TASK GOAL: Wherever a line holds the word "also", copy that line from the data.

----

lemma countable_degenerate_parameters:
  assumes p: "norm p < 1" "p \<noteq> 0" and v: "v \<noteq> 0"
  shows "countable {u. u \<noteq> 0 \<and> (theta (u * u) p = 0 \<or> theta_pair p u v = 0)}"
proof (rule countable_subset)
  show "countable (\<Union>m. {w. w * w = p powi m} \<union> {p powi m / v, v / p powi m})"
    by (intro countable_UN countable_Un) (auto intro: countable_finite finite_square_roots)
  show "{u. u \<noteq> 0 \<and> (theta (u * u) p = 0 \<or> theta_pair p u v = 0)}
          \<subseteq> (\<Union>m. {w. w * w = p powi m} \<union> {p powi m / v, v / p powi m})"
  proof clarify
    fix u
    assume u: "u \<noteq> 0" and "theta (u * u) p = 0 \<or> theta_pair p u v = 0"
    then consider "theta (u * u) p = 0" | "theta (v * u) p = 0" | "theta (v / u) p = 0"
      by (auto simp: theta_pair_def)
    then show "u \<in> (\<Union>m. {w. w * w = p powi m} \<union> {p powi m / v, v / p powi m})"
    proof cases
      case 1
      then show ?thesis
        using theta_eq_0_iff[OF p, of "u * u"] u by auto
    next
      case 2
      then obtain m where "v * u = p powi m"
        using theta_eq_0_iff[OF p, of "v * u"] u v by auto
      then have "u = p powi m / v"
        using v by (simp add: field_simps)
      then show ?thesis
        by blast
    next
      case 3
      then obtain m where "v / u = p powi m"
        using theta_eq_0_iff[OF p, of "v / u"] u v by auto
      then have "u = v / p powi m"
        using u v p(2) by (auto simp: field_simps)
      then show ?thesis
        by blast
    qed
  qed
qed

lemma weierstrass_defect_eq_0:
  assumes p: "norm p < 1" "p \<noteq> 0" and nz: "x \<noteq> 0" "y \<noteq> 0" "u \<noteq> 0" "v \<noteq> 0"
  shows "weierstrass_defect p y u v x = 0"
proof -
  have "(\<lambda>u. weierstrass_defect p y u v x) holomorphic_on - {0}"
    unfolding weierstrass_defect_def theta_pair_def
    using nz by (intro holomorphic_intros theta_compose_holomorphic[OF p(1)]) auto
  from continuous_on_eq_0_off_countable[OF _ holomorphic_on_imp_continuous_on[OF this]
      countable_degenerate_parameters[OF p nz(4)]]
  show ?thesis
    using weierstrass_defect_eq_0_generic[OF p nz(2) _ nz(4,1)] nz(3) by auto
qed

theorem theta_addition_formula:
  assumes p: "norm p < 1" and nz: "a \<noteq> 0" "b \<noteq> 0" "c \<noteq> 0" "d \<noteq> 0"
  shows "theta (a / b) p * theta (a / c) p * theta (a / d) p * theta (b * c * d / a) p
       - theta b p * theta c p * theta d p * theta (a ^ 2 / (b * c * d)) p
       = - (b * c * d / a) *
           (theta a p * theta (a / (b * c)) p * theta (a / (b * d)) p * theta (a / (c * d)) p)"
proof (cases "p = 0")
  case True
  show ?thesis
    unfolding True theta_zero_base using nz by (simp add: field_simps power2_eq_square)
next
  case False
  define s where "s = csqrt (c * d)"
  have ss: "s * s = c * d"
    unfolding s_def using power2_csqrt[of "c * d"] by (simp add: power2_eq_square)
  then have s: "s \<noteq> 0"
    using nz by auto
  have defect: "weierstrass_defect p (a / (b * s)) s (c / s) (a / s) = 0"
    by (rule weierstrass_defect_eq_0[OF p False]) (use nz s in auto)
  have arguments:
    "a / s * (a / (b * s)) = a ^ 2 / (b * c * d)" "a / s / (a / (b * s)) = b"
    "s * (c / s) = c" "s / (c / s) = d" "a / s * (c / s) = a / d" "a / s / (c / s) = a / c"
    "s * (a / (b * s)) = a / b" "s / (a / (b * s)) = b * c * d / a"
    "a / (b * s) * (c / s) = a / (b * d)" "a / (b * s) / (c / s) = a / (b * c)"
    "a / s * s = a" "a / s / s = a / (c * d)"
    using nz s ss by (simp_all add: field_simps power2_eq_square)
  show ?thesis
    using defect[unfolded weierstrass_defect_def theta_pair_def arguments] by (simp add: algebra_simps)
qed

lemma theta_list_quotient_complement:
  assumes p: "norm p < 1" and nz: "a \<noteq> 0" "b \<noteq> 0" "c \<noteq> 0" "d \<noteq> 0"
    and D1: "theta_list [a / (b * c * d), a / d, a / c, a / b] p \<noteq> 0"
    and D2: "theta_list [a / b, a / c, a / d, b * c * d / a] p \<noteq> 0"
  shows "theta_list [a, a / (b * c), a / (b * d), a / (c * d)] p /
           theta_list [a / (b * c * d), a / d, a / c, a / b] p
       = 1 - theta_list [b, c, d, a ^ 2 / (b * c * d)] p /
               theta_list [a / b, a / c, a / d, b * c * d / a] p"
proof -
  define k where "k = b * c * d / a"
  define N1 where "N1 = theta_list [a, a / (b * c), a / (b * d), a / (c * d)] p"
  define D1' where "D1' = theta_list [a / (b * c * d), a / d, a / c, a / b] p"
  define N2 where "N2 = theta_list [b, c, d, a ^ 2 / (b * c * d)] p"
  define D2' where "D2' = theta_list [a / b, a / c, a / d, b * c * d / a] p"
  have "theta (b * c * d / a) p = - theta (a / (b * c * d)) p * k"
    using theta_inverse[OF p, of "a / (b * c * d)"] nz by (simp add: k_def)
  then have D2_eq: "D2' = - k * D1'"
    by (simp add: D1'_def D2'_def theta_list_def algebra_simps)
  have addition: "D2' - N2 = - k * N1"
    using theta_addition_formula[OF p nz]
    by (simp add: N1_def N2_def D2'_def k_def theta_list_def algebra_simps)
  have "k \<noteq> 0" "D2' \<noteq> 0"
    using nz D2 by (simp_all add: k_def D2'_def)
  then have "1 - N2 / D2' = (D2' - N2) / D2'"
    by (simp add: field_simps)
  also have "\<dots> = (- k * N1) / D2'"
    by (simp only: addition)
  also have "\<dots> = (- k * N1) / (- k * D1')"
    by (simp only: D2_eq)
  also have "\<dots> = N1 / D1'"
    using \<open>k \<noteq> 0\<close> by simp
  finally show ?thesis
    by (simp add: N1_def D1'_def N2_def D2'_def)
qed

----

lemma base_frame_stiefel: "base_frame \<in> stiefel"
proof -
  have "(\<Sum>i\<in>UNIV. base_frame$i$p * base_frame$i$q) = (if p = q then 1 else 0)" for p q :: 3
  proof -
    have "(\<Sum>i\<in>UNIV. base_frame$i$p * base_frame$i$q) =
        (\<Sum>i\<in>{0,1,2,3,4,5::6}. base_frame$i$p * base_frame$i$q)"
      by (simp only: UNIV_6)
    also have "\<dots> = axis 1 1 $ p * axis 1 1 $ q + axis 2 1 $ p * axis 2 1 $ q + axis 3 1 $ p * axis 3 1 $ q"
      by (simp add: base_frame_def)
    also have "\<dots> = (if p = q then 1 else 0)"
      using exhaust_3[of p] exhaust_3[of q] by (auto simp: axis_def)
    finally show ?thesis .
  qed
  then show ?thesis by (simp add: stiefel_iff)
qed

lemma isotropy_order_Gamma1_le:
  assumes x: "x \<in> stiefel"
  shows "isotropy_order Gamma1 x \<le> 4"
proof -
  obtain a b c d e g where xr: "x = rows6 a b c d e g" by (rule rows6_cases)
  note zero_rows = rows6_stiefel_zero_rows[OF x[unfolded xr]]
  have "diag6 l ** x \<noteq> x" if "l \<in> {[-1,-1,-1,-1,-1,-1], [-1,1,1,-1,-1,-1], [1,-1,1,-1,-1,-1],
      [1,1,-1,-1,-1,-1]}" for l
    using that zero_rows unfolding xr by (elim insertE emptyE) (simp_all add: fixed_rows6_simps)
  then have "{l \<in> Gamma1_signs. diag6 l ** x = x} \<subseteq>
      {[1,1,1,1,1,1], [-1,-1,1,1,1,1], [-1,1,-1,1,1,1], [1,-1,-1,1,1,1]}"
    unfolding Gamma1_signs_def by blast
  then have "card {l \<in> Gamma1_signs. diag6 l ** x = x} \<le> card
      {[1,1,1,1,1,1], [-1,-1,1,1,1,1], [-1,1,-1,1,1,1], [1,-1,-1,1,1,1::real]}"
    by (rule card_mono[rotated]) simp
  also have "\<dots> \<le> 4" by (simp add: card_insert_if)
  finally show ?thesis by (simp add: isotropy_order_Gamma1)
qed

----

WRITTEN SOLUTION:
  also have "\<dots> = (- k * N1) / D2'"
  also have "\<dots> = (- k * N1) / (- k * D1')"
  also have "\<dots> = N1 / D1'"
    also have "\<dots> = axis 1 1 $ p * axis 1 1 $ q + axis 2 1 $ p * axis 2 1 $ q + axis 3 1 $ p * axis 3 1 $ q"
    also have "\<dots> = (if p = q then 1 else 0)"
  also have "\<dots> \<le> 4" by (simp add: card_insert_if)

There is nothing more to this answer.